Which brings me onto a really batshit crazy idea…
Ship stars:
Image: The Shipstar. Artwork by Don Davis. |
Which has done nothing to deter authors Gregory Benford and Larry Niven from conceiving just such a thing. For a bit more description here’s the afterword for their novel 'Shipstar':
"Our Bowl is a shell more than a hundred million miles across, held to a star by gravity and some electrodynamic forces. The star produces a long jet of hot gas, which is magnetically confined so well it spears through a hole at the crown of the cup-shaped shell. This jet propels the entire system forward – literally, a star turned into the engine of a “ship” that is the shell, the Bowl. On the shell’s inner face, a sprawling civilisation dwells. The novel’s structure doesn’t resemble Larry’s Ringworld much because the big problem is dealing with the natives.

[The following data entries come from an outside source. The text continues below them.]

lemma tmul_gv_tpow_vtilde: "tmul gv (tpow (vtilde a) (Suc k)) = vcomb a 1 a 0 k"
proof -
  have gv: "gv = tadd (vtilde a) (tsmul a tone)"
    by (simp add: vtilde_def fun_eq_iff tadd_def tsub_def tsmul_def)
  show ?thesis
    by (simp add: gv vcomb_def tmul_distribs del: tpow.simps)
      (simp add: fun_eq_iff tadd_def tsmul_def tzero_def)
qed


definition qint :: "'a::comm_semiring_1 \<Rightarrow> nat \<Rightarrow> 'a" where
  "qint x n = (\<Sum>i<n. x ^ i)"

lemma qint_0 [simp]: "qint x 0 = 0"
  by (simp add: qint_def)

lemma qint_Suc: "qint x (Suc n) = x * qint x n + 1"
  unfolding qint_def sum.lessThan_Suc_shift by (simp add: sum_distrib_left add.commute)

lemma qint_eq: "x \<noteq> 1 \<Longrightarrow> qint x n = (x ^ n - 1) / (x - 1 :: 'a :: field)"
  unfolding qint_def by (rule geometric_sum)

lemma q_mult_betaq:
  fixes q :: complex
  assumes "q \<noteq> 0" and "q^2 \<noteq> 1"
  shows "q * betaq k q = qint (inverse (q^2)) k"
proof -
  define P where "P = q powi (2 * int k - 1)"
  have "P \<noteq> 0"
    using assms(1) by (simp add: P_def)
  have "q ^ (2 * k) = q * P"
    using power_int_add[of q 1 "2 * int k - 1"] assms(1)
    by (simp add: P_def power_int_of_nat[of q "2 * k", simplified])
  moreover have "inverse (q^2) ^ k = inverse (q ^ (2 * k))"
    by (simp add: power_inverse power_mult)
  moreover have "inverse (q^2) \<noteq> 1"
    using assms(2) by (metis inverse_1 inverse_inverse_eq)
  ultimately show ?thesis
    using assms \<open>P \<noteq> 0\<close> unfolding betaq_def P_def[symmetric]
    by (simp add: qint_eq field_simps) (simp add: power2_eq_square power4_eq_xxxx algebra_simps)
qed


section \<open>The Casimir on powers of the shifted generator in the quotient\<close>

locale A_algebra =
  fixes q h c a :: complex
  assumes q_nonzero: "q \<noteq> 0"
    and h_eq: "h = a * (1 - q^2)"
begin

abbreviation equivA :: "tens \<Rightarrow> tens \<Rightarrow> bool" (infix "\<doteq>" 50) where
  "f \<doteq> g \<equiv> eqA q h c f g"

lemma eqA_vtilde_gu: "tmul (vtilde a) gu \<doteq> tsmul (q^2) (tmul gu (vtilde a))"
proof -
  let ?r = "tadd (tsub (tsmul (q^2) (tmul gu gv)) (tmul gv gu)) (tsmul h gu)"
  have "?r \<in> relideal q h c"
    by (rule rels_in_relideal) (simp add: rels_def)
  moreover have "tsmul (-1) ?r = tsub (tmul (vtilde a) gu) (tsmul (q^2) (tmul gu (vtilde a)))"
    by (simp add: vtilde_def tmul_distribs)
      (simp add: fun_eq_iff tadd_def tsub_def tsmul_def h_eq algebra_simps)
  ultimately show ?thesis
    unfolding eqA_def by (metis relideal_tsmul)
qed

lemma eqA_vtilde_gw: "tmul (vtilde a) gw \<doteq> tsmul (inverse (q^2)) (tmul gw (vtilde a))"
proof -
  let ?r = "tsub (tadd (tsmul (- (q^2)) (tmul gv gw)) (tmul gw gv)) (tsmul h gw)"
  have "?r \<in> relideal q h c"
    by (rule rels_in_relideal) (simp add: rels_def)
  moreover have "tsmul (- inverse (q^2)) ?r
      = tsub (tmul (vtilde a) gw) (tsmul (inverse (q^2)) (tmul gw (vtilde a)))"
    using q_nonzero
    by (simp add: vtilde_def tmul_distribs)
      (simp add: fun_eq_iff tadd_def tsub_def tsmul_def h_eq field_simps)
  ultimately show ?thesis
    unfolding eqA_def by (metis relideal_tsmul)
qed

lemma eqA_Xop_tpow_vtilde_Suc:
  "Xop q (tpow (vtilde a) (Suc n))
    \<doteq> tsmul (- (q + inverse q) * qint (q^2) (Suc n)) (tmul gu (tpow (vtilde a) n))"
proof (induction n)
  case 0
  then show ?case by (simp add: Xop_tpow_vtilde_Suc qint_Suc)
next
  case (Suc n)
  let ?y = "- (q + inverse q)" and ?s = "qint (q^2) (Suc n)" and ?v = "vtilde a"
  have "Xop q (tpow ?v (Suc (Suc n)))
      = tadd (tmul ?v (Xop q (tpow ?v (Suc n)))) (tsmul ?y (tmul gu (tpow ?v (Suc n))))"
    by (rule Xop_tpow_vtilde_Suc)
  also have "\<dots> \<doteq> tadd (tmul ?v (tsmul (?y * ?s) (tmul gu (tpow ?v n))))
      (tsmul ?y (tmul gu (tpow ?v (Suc n))))"
    by (rule eqA_tadd[OF eqA_tmul_left[OF finsupp_vtilde Suc.IH] eqA_refl])
  also have "\<dots> = tadd (tsmul (?y * ?s) (tmul (tmul ?v gu) (tpow ?v n)))
      (tsmul ?y (tmul gu (tpow ?v (Suc n))))"
    by (simp add: tmul_distribs tmul_assoc del: tpow.simps)
  also have "\<dots> \<doteq> tadd (tsmul (?y * ?s) (tmul (tsmul (q^2) (tmul gu ?v)) (tpow ?v n)))
      (tsmul ?y (tmul gu (tpow ?v (Suc n))))"
    by (rule eqA_tadd[OF eqA_tsmul[OF eqA_tmul_right[OF finsupp_tpow eqA_vtilde_gu]] eqA_refl]) simp
  also have "\<dots> = tsmul (?y * qint (q^2) (Suc (Suc n))) (tmul gu (tpow ?v (Suc n)))"
    unfolding qint_Suc[of _ "Suc n"]
    by (simp add: tmul_distribs tmul_assoc)
      (simp add: fun_eq_iff tadd_def tsmul_def algebra_simps)
  finally show ?case .
qed

lemma eqA_Yop_tpow_vtilde_Suc:
  "Yop q (tpow (vtilde a) (Suc n))
    \<doteq> tsmul ((q + inverse q) * qint (inverse (q^2)) (Suc n)) (tmul gw (tpow (vtilde a) n))"
proof (induction n)
  case 0
  then show ?case by (simp add: Yop_tpow_vtilde_Suc qint_Suc)
next
  case (Suc n)
  let ?y = "q + inverse q" and ?t = "qint (inverse (q^2)) (Suc n)" and ?v = "vtilde a"
  have "Yop q (tpow ?v (Suc (Suc n)))
      = tadd (tmul ?v (Yop q (tpow ?v (Suc n)))) (tsmul ?y (tmul gw (tpow ?v (Suc n))))"
    by (rule Yop_tpow_vtilde_Suc)
  also have "\<dots> \<doteq> tadd (tmul ?v (tsmul (?y * ?t) (tmul gw (tpow ?v n))))
      (tsmul ?y (tmul gw (tpow ?v (Suc n))))"
    by (rule eqA_tadd[OF eqA_tmul_left[OF finsupp_vtilde Suc.IH] eqA_refl])
  also have "\<dots> = tadd (tsmul (?y * ?t) (tmul (tmul ?v gw) (tpow ?v n)))
      (tsmul ?y (tmul gw (tpow ?v (Suc n))))"
    by (simp add: tmul_distribs tmul_assoc del: tpow.simps)
  also have "\<dots> \<doteq> tadd (tsmul (?y * ?t) (tmul (tsmul (inverse (q^2)) (tmul gw ?v)) (tpow ?v n)))
      (tsmul ?y (tmul gw (tpow ?v (Suc n))))"
    by (rule eqA_tadd[OF eqA_tsmul[OF eqA_tmul_right[OF finsupp_tpow eqA_vtilde_gw]] eqA_refl]) simp
  also have "\<dots> = tsmul (?y * qint (inverse (q^2)) (Suc (Suc n))) (tmul gw (tpow ?v (Suc n)))"
    unfolding qint_Suc[of _ "Suc n"]
    by (simp add: tmul_distribs tmul_assoc)
      (simp add: fun_eq_iff tadd_def tsmul_def algebra_simps)
  finally show ?case .
qed

text \<open>These are \<open>q\<^sup>2 (r\<^sub>1 - r\<^sub>3)\<close> and \<open>q\<^sup>2 r\<^sub>1 + r\<^sub>3\<close> for the first and third
  defining relations \<open>r\<^sub>1\<close>, \<open>r\<^sub>3\<close>, rewritten in \<open>vtilde a\<close>; no division by \<open>q\<^sup>2 + 1\<close>
  is needed.\<close>

lemma eqA_gw_gu:
  "tsmul ((q^2 + 1)^2) (tmul gw gu)
    \<doteq> vcomb a (- (q^4)) (- (q^2 * a * (q^2 + 1))) (q^2 * (c - a^2)) 0"
  and eqA_gu_gw:
  "tsmul ((q^2 + 1)^2) (tmul gu gw)
    \<doteq> vcomb a (- 1) (- (a * (q^2 + 1))) (q^2 * (c - a^2)) 0"
proof -
  define r1 where "r1 = tsub (tadd (tadd (tsmul (q^2 + 1) (tmul gu gw)) (tmul gv gv))
      (tsmul ((q^2 + 1) / q^2) (tmul gw gu))) (tsmul c tone)"
  define r3 where "r3 = tsub (tadd (tsmul (q^2 + 1) (tsub (tmul gu gw) (tmul gw gu)))
      (tsmul (1 - q^2) (tmul gv gv))) (tsmul h gv)"
  have r1: "r1 \<in> relideal q h c" and r3: "r3 \<in> relideal q h c"
    by (auto intro: rels_in_relideal simp: rels_def r1_def r3_def)
  have "tsmul (q^2) (tsub r1 r3)
      = tsub (tsmul ((q^2 + 1)^2) (tmul gw gu))
          (vcomb a (- (q^4)) (- (q^2 * a * (q^2 + 1))) (q^2 * (c - a^2)) 0)"
    using q_nonzero unfolding r1_def r3_def
    by (simp add: vcomb_def vtilde_def tmul_distribs numeral_2_eq_2)
      (simp add: fun_eq_iff tadd_def tsub_def tsmul_def h_eq field_simps, algebra)
  with r1 r3 show "tsmul ((q^2 + 1)^2) (tmul gw gu)
      \<doteq> vcomb a (- (q^4)) (- (q^2 * a * (q^2 + 1))) (q^2 * (c - a^2)) 0"
    unfolding eqA_def by (metis relideal_tsmul relideal_tsub)
  have "tadd (tsmul (q^2) r1) r3
      = tsub (tsmul ((q^2 + 1)^2) (tmul gu gw))
          (vcomb a (- 1) (- (a * (q^2 + 1))) (q^2 * (c - a^2)) 0)"
    using q_nonzero unfolding r1_def r3_def
    by (simp add: vcomb_def vtilde_def tmul_distribs numeral_2_eq_2)
      (simp add: fun_eq_iff tadd_def tsub_def tsmul_def h_eq field_simps, algebra)
  with r1 r3 show "tsmul ((q^2 + 1)^2) (tmul gu gw)
      \<doteq> vcomb a (- 1) (- (a * (q^2 + 1))) (q^2 * (c - a^2)) 0"
    unfolding eqA_def by (metis relideal_tsmul relideal_tadd)
qed

lemma eqA_gw_Xop_tpow_vtilde_Suc:
  fixes n :: nat
  defines "s \<equiv> qint (q^2) (Suc n)"
  shows "tsmul (q * (q^2 + 1)) (tmul gw (Xop q (tpow (vtilde a) (Suc n))))
    \<doteq> vcomb a (q^4 * s) (q^2 * a * (q^2 + 1) * s) (- (q^2 * (c - a^2) * s)) n"
proof -
  have "tsmul (q * (q^2 + 1)) (tmul gw (Xop q (tpow (vtilde a) (Suc n))))
      \<doteq> tsmul (q * (q^2 + 1)) (tmul gw (tsmul (- (q + inverse q) * s) (tmul gu (tpow (vtilde a) n))))"
    unfolding s_def by (intro eqA_tsmul eqA_tmul_left eqA_Xop_tpow_vtilde_Suc) simp
  also have "\<dots> = tsmul (- s) (tmul (tsmul ((q^2 + 1)^2) (tmul gw gu)) (tpow (vtilde a) n))"
    using q_nonzero
    by (simp add: tmul_distribs tmul_assoc)
      (simp add: fun_eq_iff tsmul_def field_simps power2_eq_square)
  also have "\<dots> \<doteq> tsmul (- s)
      (tmul (vcomb a (- (q^4)) (- (q^2 * a * (q^2 + 1))) (q^2 * (c - a^2)) 0) (tpow (vtilde a) n))"
    by (intro eqA_tsmul eqA_tmul_right eqA_gw_gu) simp
  also have "\<dots> = vcomb a (q^4 * s) (q^2 * a * (q^2 + 1) * s) (- (q^2 * (c - a^2) * s)) n"
    by (simp add: tmul_vcomb_tpow_vtilde tsmul_vcomb) (intro vcomb_cong; simp add: algebra_simps)
  finally show ?thesis .
qed

lemma eqA_gu_Yop_tpow_vtilde_Suc:
  fixes n :: nat
  defines "t \<equiv> qint (inverse (q^2)) (Suc n)"
  shows "tsmul ((q^2 + 1) / q) (tmul gu (Yop q (tpow (vtilde a) (Suc n))))
    \<doteq> vcomb a (- (t / q^2)) (- (a * (q^2 + 1) * t / q^2)) ((c - a^2) * t) n"
proof -
  have "tsmul ((q^2 + 1) / q) (tmul gu (Yop q (tpow (vtilde a) (Suc n))))
      \<doteq> tsmul ((q^2 + 1) / q) (tmul gu (tsmul ((q + inverse q) * t) (tmul gw (tpow (vtilde a) n))))"
    unfolding t_def by (intro eqA_tsmul eqA_tmul_left eqA_Yop_tpow_vtilde_Suc) simp
  also have "\<dots> = tsmul (t / q^2) (tmul (tsmul ((q^2 + 1)^2) (tmul gu gw)) (tpow (vtilde a) n))"
    using q_nonzero
    by (simp add: tmul_distribs tmul_assoc)
      (simp add: fun_eq_iff tsmul_def field_simps power2_eq_square)
  also have "\<dots> \<doteq> tsmul (t / q^2)
      (tmul (vcomb a (- 1) (- (a * (q^2 + 1))) (q^2 * (c - a^2)) 0) (tpow (vtilde a) n))"
    by (intro eqA_tsmul eqA_tmul_right eqA_gu_gw) simp
  also have "\<dots> = vcomb a (- (t / q^2)) (- (a * (q^2 + 1) * t / q^2)) ((c - a^2) * t) n"
    using q_nonzero
    by (simp add: tmul_vcomb_tpow_vtilde tsmul_vcomb) (intro vcomb_cong; simp add: algebra_simps)
  finally show ?thesis .
qed

lemma eqA_Kop_tpow_vtilde_step:
  fixes n :: nat
  defines "s \<equiv> qint (q^2) (Suc n)" and "t \<equiv> qint (inverse (q^2)) (Suc n)"
  assumes "Kop q (tpow (vtilde a) (Suc n)) \<doteq> Z"
  shows "Kop q (tpow (vtilde a) (Suc (Suc n)))
    \<doteq> tadd (tmul (vtilde a) Z)
        (vcomb a (q^2 + 1 + q^4 * s + t / q^2) (a * (q^2 + 1) * (1 + q^2 * s + t / q^2))
           (- (c - a^2) * (q^2 * s + t)) n)"
proof -
  have "Kop q (tpow (vtilde a) (Suc (Suc n)))
      = tadd (tmul (vtilde a) (Kop q (tpow (vtilde a) (Suc n))))
         (tadd (tsmul (q^2 + 1) (tmul gv (tpow (vtilde a) (Suc n))))
            (tsub (tsmul (q * (q^2 + 1)) (tmul gw (Xop q (tpow (vtilde a) (Suc n)))))
                  (tsmul ((q^2 + 1) / q) (tmul gu (Yop q (tpow (vtilde a) (Suc n)))))))"
    by (rule Kop_tpow_vtilde_Suc[OF q_nonzero])
  also have "\<dots> \<doteq> tadd (tmul (vtilde a) Z) (tadd (tsmul (q^2 + 1) (vcomb a 1 a 0 n))
      (tsub (vcomb a (q^4 * s) (q^2 * a * (q^2 + 1) * s) (- (q^2 * (c - a^2) * s)) n)
            (vcomb a (- (t / q^2)) (- (a * (q^2 + 1) * t / q^2)) ((c - a^2) * t) n)))"
    unfolding tmul_gv_tpow_vtilde s_def t_def
    by (intro eqA_tadd eqA_tsub eqA_tmul_left assms(3) eqA_gw_Xop_tpow_vtilde_Suc
        eqA_gu_Yop_tpow_vtilde_Suc eqA_refl finsupp_vtilde)
  also have "\<dots> = tadd (tmul (vtilde a) Z)
      (vcomb a (q^2 + 1 + q^4 * s + t / q^2) (a * (q^2 + 1) * (1 + q^2 * s + t / q^2))
         (- (c - a^2) * (q^2 * s + t)) n)"
    by (simp add: tsmul_vcomb vcomb_tsub vcomb_tadd)
      (intro arg_cong[where f = "tadd (tmul (vtilde a) Z)"] vcomb_cong;
        simp add: q_nonzero field_simps)
  finally show ?thesis .
qed
(* Let $\mathcal B\subseteq P(D)$ be a Boolean algebra with $|\mathcal B|<\mathfrak b$ and $\mathcal A_0\subseteq\mathcal B$, and let $\nu$ be a finitely additive almost strictly positive probability measure on $\mathcal B$ extending $\mu_0$. Let $\mathcal S=\{S_n:n\in\omega\}$ be an $s$-family. Then there exists $g\in\omega^\omega$ such that, for $X_g=\bigcup_{n\in\omega}S_n(g(n))$, the set $D\setminus X_g$ is infinite and $\nu$ extends to an almost strictly positive finitely additive measure on the algebra $\mathcal B[X_g]$ generated by $\mathcal B\cup\{X_g\}$.
   Context: $\mathfrak b$ is the bounding number. $\lambda$ is the product measure on $2^\omega$, $D\subseteq 2^\omega$ a fixed countable dense set, $\mathcal A_0$ the subalgebra of $P(D)$ generated by $\{C\cap D: C \text{ clopen}\}$ and the finite subsets of $D$, $\mu_0$ the finitely additive measure on $\mathcal A_0$ with $\mu_0((C\cap D)\triangle F)=\lambda(C)$ for $C$ clopen, $F$ finite. An $s$-family is a countable family $\mathcal S$ of sequences $(S(k))_{k\in\omega}$ of elements of $\mathcal A_0$ with $S(0)\supseteq S(1)\supseteq\cdots$, $\bigcap_kS(k)=\emptyset$, $\lim_k\mu_0(S(k))=0$. A finitely additive measure on an algebra $\mathcal C\subseteq P(D)$ is almost strictly positive if for $C\in\mathcal C$, its value at $C$ is $0$ iff $C$ is finite. *)

theory Defs
  imports "HOL-Probability.Probability"
begin

text \<open>Cantor space 2^omega is the type nat => bool with the product topology
 (bool carries its order topology, which is discrete).\<close>

definition cantor_clopen :: "(nat \<Rightarrow> bool) set \<Rightarrow> bool" where
  "cantor_clopen C \<longleftrightarrow> open C \<and> closed C"

definition cantor_measure :: "(nat \<Rightarrow> bool) measure" where
  "cantor_measure = (\<Pi>\<^sub>M i\<in>(UNIV::nat set). measure_pmf (pmf_of_set (UNIV::bool set)))"

definition lam :: "(nat \<Rightarrow> bool) set \<Rightarrow> real" where
  "lam C = measure cantor_measure C"

definition sdiff :: "'a set \<Rightarrow> 'a set \<Rightarrow> 'a set" where
  "sdiff A B = (A - B) \<union> (B - A)"

definition is_alg :: "'a set \<Rightarrow> 'a set set \<Rightarrow> bool" where
  "is_alg D B \<longleftrightarrow> B \<subseteq> Pow D \<and> {} \<in> B \<and> (\<forall>a\<in>B. D - a \<in> B) \<and> (\<forall>a\<in>B. \<forall>b\<in>B. a \<union> b \<in> B)"

definition gen_alg :: "'a set \<Rightarrow> 'a set set \<Rightarrow> 'a set set" where
  "gen_alg D G = \<Inter>{B. is_alg D B \<and> G \<subseteq> B}"

definition A0 :: "(nat \<Rightarrow> bool) set \<Rightarrow> (nat \<Rightarrow> bool) set set" where
  "A0 D = gen_alg D ({C \<inter> D | C. cantor_clopen C} \<union> {F. finite F \<and> F \<subseteq> D})"

definition mu0 :: "(nat \<Rightarrow> bool) set \<Rightarrow> (nat \<Rightarrow> bool) set \<Rightarrow> real" where
  "mu0 D A = (SOME r. \<exists>C F. cantor_clopen C \<and> finite F \<and> F \<subseteq> D \<and>
                 A = sdiff (C \<inter> D) F \<and> r = lam C)"
(* Either let all graphs below be undirected, or let all be directed. Let $D$ be a graph with $n$ vertices and $f(D)=f$, let $R\subseteq V(D)$ be a bad set of $D$, and let $r'\in V(D)\setminus R$. Then there is a family $(D_i)_{i\in\mathbb{N}}$ of graphs such that for every $i$: \begin{itemize} \item $n(D_i)=n+i(n-1)$; \item $f(D_i)\geq f+if$, with equality if $R$ is an inclusion-wise minimal bad set of $D$; \item the degeneracy of $D_i$ is at most $\mathrm{deg}_{\mathrm{RL}}(D,R,r')$. \end{itemize}
   Context: Undirected graphs are finite and simple; directed graphs are oriented graphs (no loops, no multiple arcs, no antiparallel arcs). $n(H)$ is the number of vertices; $f(H)$ is the minimum size of a set $F\subseteq V(H)$ such that $H-F$ has no (directed, in the directed case) cycle. A set $R\subseteq V(H)$ is bad if it is not contained in any minimum feedback vertex set of $H$. A vertex ordering $\phi:V\to\{1,\dots,|V|\}$ is a $k$-elimination ordering if every vertex has at most $k$ neighbours (in the underlying undirected graph) preceding it in $\phi$; the degeneracy of a graph is the least such $k$. For $S\subseteq V$, an ordering is $S$-last if $\phi(u)<\phi(v)$ for all $u\in S$ and $v\in V\setminus S$. Let $D_{r'\times|R|}$ be the graph obtained from $D$ by replacing $r'$ by an independent set $S$ of $|R|$ new vertices, each joined to the rest of $D$ exactly as $r'$ was (same in- and out-neighbours in the directed case, same neighbours in the undirected case). The right-left-degeneracy $\mathrm{deg}_{\mathrm{RL}}(D,R,r')$ is the minimum $k$ such that $D_{r'\times|R|}$ has an $S$-last $k$-elimination ordering. $\mathbb{N}=\{0,1,2,\dots\}$. *)

theory Defs
  imports Main
begin
(* Let $\varphi$ be an automorphism of $E$ with $\varphi^2=\mathrm{id}_E$ and let $\beta=\{e_1,e_2,\ldots\}$ be a basis of $L$. Let $I=\{n\mid\varphi(e_n)=\pm e_n\}$, $I^+=\{i\in I\mid\varphi(e_i)=e_i\}$, $I^-=\{i\in I\mid\varphi(e_i)=-e_i\}$, $J=\mathbb{N}\setminus I$, and for $j\in\mathbb{N}$ put $a_j=(e_j+\varphi(e_j))/2$. Suppose $\varphi$ is of type S2, i.e. $I^+$ is infinite, $I^-$ and $J$ are finite and $J\neq\emptyset$. If each $a_j$, $j\in J$, is a linear combination of monomials of length $\ge 3$, then $T_2(E_\varphi)=T_2(E_{\varphi_\ell})$, where $\varphi_\ell$ is the linearization of $\varphi$.
   Context: $F$ is a field of characteristic zero, $L$ an infinite-dimensional $F$-vector space with basis $e_1,e_2,\ldots$, $E$ its Grassmann algebra (basis $1$ and monomials $e_{i_1}\cdots e_{i_k}$, $i_1<\cdots<i_k$, $e_ie_j=-e_je_i$); the length of such a monomial is $k$. For an automorphism $\psi$ of $E$ with $\psi^2=\mathrm{id}$, $E_\psi=E_{0,\psi}\oplus E_{1,\psi}$ denotes the $\mathbb{Z}_2$-grading given by the eigenspaces of $\psi$ for eigenvalues $1$ and $-1$. Linearization: write $\varphi(e_i)=u_i+v_i$ with $u_i\in L$ and $v_i$ a linear combination of monomials of length $\ge2$; $\varphi_\ell$ is the endomorphism of $E$ with $\varphi_\ell(e_i)=u_i$ (it is an automorphism of order 2). $T_2(A)$ denotes the ideal of $\mathbb{Z}_2$-graded polynomial identities of the superalgebra $A=A_0\oplus A_1$, i.e. the elements of the free algebra $F\langle Y\cup Z\rangle$ ($Y$ variables of degree $0$, $Z$ of degree $1$) vanishing under all degree-respecting substitutions. *)

theory Defs
  imports Main
begin

text \<open>Concrete model of the Grassmann algebra E of the vector space L with basis
  e_0, e_1, e_2, ... (indexed by nat).  An element of E is a finitely supported
  function from finite sets of indices (a set S = {i1 < ... < ik} standing for the
  monomial e_i1 ... e_ik of length k = card S) to the coefficient field.\<close>

type_synonym 'a grass = "nat set \<Rightarrow> 'a"

definition grass :: "'a::zero grass set" where
  "grass = {x. finite {S. x S \<noteq> 0} \<and> (\<forall>S. x S \<noteq> 0 \<longrightarrow> finite S)}"

definition gzero :: "'a::zero grass" where
  "gzero = (\<lambda>S. 0)"

definition gone :: "'a::{zero,one} grass" where
  "gone = (\<lambda>S. if S = {} then 1 else 0)"

definition gen :: "nat \<Rightarrow> 'a::{zero,one} grass" where
  "gen i = (\<lambda>S. if S = {i} then 1 else 0)"

definition gadd :: "'a::plus grass \<Rightarrow> 'a grass \<Rightarrow> 'a grass" where
  "gadd x y = (\<lambda>S. x S + y S)"

definition gneg :: "'a::uminus grass \<Rightarrow> 'a grass" where
  "gneg x = (\<lambda>S. - x S)"

definition gsmult :: "'a::times \<Rightarrow> 'a grass \<Rightarrow> 'a grass" where
  "gsmult c x = (\<lambda>S. c * x S)"

text \<open>number of inversions: e_S e_T = (-1)^inv S T e_(S \<union> T) for disjoint S, T\<close>
definition inv_count :: "nat set \<Rightarrow> nat set \<Rightarrow> nat" where
  "inv_count S T = card {(s, t). s \<in> S \<and> t \<in> T \<and> t < s}"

The virtue of any Big Object, whether Dumb or Smart, is energy and space. The collected solar energy is immense, and the living space lies beyond comprehension except in numerical terms. While we were planning this, my friend Freeman Dyson remarked, “I like to use a figure of demerit for habitats, namely the ratio R of total mass to the supply of available energy. The bigger R is, the poorer the habitat. If we calculate R for the Earth, using total incident sunlight as the available energy, the result is about 12 000 tons per Watt. If we calculate R for a cometary object with optical concentrators, travelling anywhere in the galaxy where a 0 magnitude star is visible, the result is 100 tons per Watt. A cometary object, almost anywhere in the galaxy, is 120 times better than planet Earth as a home for life. The basic problem with planets is that they have too little area and too much mass. Life needs area, not only to collect incident energy but also to dispose of waste heat. In the long run, life will spread to the places where mass can be used most efficiently, far away from planets, to comet clouds or to dust clouds not too far from a friendly star. If the friendly star happens to be our Sun, we have a chance to detect any wandering life-form that may have settled here.”
A complete flight of sci-fi gibberish, yes? But then, what would the people of the Roman empire thought of the geostationary satellite ring that encircles our planet, 36,000 km wide? Or the Three Gorges dam?